Start of Material for this task

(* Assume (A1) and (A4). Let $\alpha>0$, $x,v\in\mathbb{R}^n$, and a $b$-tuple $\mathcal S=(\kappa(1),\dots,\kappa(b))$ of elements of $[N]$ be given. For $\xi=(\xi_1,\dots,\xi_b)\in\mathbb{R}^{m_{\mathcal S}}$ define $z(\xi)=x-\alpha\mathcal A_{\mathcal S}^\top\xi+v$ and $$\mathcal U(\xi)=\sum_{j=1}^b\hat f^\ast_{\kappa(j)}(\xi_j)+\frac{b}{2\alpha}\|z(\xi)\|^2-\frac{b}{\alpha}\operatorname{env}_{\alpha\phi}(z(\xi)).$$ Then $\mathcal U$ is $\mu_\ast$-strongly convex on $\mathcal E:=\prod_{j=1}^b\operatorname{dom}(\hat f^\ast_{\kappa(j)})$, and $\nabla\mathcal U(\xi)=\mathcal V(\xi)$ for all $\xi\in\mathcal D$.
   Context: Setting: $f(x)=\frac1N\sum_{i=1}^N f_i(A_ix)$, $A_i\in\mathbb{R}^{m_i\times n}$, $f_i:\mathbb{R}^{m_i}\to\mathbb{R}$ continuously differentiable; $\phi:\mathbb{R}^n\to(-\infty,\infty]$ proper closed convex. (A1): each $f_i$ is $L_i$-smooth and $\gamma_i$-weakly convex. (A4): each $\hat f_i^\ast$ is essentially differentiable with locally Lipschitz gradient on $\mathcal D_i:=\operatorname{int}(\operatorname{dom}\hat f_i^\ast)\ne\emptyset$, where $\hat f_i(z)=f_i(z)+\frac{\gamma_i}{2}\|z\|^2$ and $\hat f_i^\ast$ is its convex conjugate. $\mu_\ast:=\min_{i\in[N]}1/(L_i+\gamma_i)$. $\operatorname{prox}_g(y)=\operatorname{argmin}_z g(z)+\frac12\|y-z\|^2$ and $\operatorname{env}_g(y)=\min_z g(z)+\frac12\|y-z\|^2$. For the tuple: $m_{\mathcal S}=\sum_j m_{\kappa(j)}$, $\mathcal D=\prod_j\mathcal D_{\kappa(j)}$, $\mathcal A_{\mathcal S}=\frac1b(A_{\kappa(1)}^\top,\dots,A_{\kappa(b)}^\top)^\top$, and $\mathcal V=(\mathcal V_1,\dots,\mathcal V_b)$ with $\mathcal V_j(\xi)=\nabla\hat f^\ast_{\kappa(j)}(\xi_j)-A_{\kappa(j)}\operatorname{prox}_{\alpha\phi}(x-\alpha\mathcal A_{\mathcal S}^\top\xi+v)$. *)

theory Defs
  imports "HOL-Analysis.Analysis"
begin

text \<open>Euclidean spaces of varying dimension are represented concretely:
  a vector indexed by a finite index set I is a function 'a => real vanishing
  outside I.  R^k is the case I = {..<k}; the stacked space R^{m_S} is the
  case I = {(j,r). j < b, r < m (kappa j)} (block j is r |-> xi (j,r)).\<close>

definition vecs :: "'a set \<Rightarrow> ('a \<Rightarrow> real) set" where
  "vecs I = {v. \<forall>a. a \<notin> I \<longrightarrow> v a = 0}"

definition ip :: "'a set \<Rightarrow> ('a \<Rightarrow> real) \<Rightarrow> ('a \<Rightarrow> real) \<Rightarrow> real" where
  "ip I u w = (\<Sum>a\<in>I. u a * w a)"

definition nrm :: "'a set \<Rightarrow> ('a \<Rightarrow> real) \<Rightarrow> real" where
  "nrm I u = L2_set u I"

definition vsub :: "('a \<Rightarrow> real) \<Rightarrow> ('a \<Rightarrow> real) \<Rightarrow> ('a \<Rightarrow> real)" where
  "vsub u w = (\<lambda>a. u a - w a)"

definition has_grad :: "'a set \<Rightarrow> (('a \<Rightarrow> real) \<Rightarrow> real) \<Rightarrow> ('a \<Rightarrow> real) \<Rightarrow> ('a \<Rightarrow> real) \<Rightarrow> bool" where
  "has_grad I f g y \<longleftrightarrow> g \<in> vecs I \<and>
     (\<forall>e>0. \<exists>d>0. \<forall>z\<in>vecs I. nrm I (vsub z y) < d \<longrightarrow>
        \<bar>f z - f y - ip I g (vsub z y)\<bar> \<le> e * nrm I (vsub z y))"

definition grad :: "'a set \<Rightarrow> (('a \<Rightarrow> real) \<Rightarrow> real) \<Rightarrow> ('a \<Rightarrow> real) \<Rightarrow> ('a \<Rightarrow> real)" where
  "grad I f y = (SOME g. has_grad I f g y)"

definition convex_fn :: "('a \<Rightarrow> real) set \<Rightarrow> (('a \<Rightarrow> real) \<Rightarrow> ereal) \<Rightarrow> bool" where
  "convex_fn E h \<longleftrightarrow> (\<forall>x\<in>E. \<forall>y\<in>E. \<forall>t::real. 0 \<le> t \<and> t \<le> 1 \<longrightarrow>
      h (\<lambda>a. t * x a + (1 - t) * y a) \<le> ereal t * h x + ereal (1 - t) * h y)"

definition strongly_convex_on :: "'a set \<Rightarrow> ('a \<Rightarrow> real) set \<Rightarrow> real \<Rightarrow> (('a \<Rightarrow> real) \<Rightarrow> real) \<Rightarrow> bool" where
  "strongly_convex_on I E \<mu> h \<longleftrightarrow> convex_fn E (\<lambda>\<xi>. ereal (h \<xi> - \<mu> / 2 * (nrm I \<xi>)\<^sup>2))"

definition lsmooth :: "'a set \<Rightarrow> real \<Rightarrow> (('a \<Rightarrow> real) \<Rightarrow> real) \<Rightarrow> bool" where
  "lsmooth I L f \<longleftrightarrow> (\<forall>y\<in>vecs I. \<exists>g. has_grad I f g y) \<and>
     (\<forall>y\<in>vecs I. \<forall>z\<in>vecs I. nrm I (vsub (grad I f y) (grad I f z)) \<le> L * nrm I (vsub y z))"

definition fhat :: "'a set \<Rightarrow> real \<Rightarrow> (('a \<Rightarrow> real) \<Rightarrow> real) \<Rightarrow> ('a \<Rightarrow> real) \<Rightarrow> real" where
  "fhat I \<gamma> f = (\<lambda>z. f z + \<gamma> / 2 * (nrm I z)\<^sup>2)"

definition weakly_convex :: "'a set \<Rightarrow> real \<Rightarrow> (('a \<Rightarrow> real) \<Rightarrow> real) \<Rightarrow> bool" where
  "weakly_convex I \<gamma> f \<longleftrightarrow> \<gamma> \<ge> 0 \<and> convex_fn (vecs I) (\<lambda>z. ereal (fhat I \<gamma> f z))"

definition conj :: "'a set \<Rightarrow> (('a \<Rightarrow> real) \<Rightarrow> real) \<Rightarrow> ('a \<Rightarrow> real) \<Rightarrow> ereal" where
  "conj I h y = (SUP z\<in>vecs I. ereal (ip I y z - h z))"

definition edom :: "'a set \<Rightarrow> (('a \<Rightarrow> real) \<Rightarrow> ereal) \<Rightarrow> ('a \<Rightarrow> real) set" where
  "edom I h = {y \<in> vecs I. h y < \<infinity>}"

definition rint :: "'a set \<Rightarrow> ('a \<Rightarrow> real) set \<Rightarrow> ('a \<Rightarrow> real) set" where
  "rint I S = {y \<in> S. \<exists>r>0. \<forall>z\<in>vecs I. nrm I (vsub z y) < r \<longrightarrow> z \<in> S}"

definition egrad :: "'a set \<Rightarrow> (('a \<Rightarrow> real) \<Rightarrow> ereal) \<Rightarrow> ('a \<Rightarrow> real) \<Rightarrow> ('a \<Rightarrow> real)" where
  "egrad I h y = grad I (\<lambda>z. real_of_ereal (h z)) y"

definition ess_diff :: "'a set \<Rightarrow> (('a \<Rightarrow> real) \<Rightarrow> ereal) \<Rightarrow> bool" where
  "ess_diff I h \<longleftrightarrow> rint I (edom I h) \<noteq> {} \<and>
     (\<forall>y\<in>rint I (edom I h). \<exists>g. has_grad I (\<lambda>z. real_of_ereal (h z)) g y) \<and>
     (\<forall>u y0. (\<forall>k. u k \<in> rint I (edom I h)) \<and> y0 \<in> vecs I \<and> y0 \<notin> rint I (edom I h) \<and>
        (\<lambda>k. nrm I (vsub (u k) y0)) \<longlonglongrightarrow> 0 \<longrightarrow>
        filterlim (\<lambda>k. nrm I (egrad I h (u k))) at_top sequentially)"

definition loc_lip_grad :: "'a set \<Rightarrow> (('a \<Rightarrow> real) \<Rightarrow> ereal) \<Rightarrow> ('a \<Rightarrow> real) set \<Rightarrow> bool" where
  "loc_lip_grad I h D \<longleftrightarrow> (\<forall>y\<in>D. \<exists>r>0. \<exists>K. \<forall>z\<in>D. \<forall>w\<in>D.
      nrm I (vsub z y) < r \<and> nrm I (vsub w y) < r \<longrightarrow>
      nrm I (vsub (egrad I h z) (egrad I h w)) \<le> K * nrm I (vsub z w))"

End of Material for this task
Start of Material for this task

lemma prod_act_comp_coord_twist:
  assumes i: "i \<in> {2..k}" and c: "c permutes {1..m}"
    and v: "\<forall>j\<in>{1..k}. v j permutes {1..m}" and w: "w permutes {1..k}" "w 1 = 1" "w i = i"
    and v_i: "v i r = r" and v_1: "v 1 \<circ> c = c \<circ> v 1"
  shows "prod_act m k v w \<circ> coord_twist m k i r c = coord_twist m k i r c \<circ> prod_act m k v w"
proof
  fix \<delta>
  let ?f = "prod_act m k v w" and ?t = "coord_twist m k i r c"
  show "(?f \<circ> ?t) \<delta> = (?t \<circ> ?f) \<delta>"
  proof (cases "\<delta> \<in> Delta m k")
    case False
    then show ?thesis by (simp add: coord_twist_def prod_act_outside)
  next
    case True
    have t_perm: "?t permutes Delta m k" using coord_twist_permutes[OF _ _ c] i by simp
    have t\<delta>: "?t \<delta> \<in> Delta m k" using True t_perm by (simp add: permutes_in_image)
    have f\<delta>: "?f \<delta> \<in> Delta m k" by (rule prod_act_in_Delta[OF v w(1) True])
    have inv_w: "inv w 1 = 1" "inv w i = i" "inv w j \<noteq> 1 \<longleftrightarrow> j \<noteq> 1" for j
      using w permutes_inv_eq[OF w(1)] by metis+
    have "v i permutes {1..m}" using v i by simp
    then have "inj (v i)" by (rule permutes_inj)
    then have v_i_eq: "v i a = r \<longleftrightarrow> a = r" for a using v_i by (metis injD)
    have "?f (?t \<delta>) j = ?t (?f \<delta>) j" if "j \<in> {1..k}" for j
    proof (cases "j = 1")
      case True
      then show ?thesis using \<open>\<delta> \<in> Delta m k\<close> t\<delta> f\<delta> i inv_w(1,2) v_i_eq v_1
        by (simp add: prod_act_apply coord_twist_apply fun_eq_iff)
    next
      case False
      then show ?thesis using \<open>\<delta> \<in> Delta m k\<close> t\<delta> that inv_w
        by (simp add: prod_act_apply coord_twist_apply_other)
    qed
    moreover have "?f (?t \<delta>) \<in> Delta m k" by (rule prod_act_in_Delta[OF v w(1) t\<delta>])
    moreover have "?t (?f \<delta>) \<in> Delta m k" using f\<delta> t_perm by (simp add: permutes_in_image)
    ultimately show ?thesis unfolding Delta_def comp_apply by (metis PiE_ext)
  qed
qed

End of Material for this task

Exercise objective>
For the string "moreover", tally the lines above that contain it and give only the figure.

Task output>
2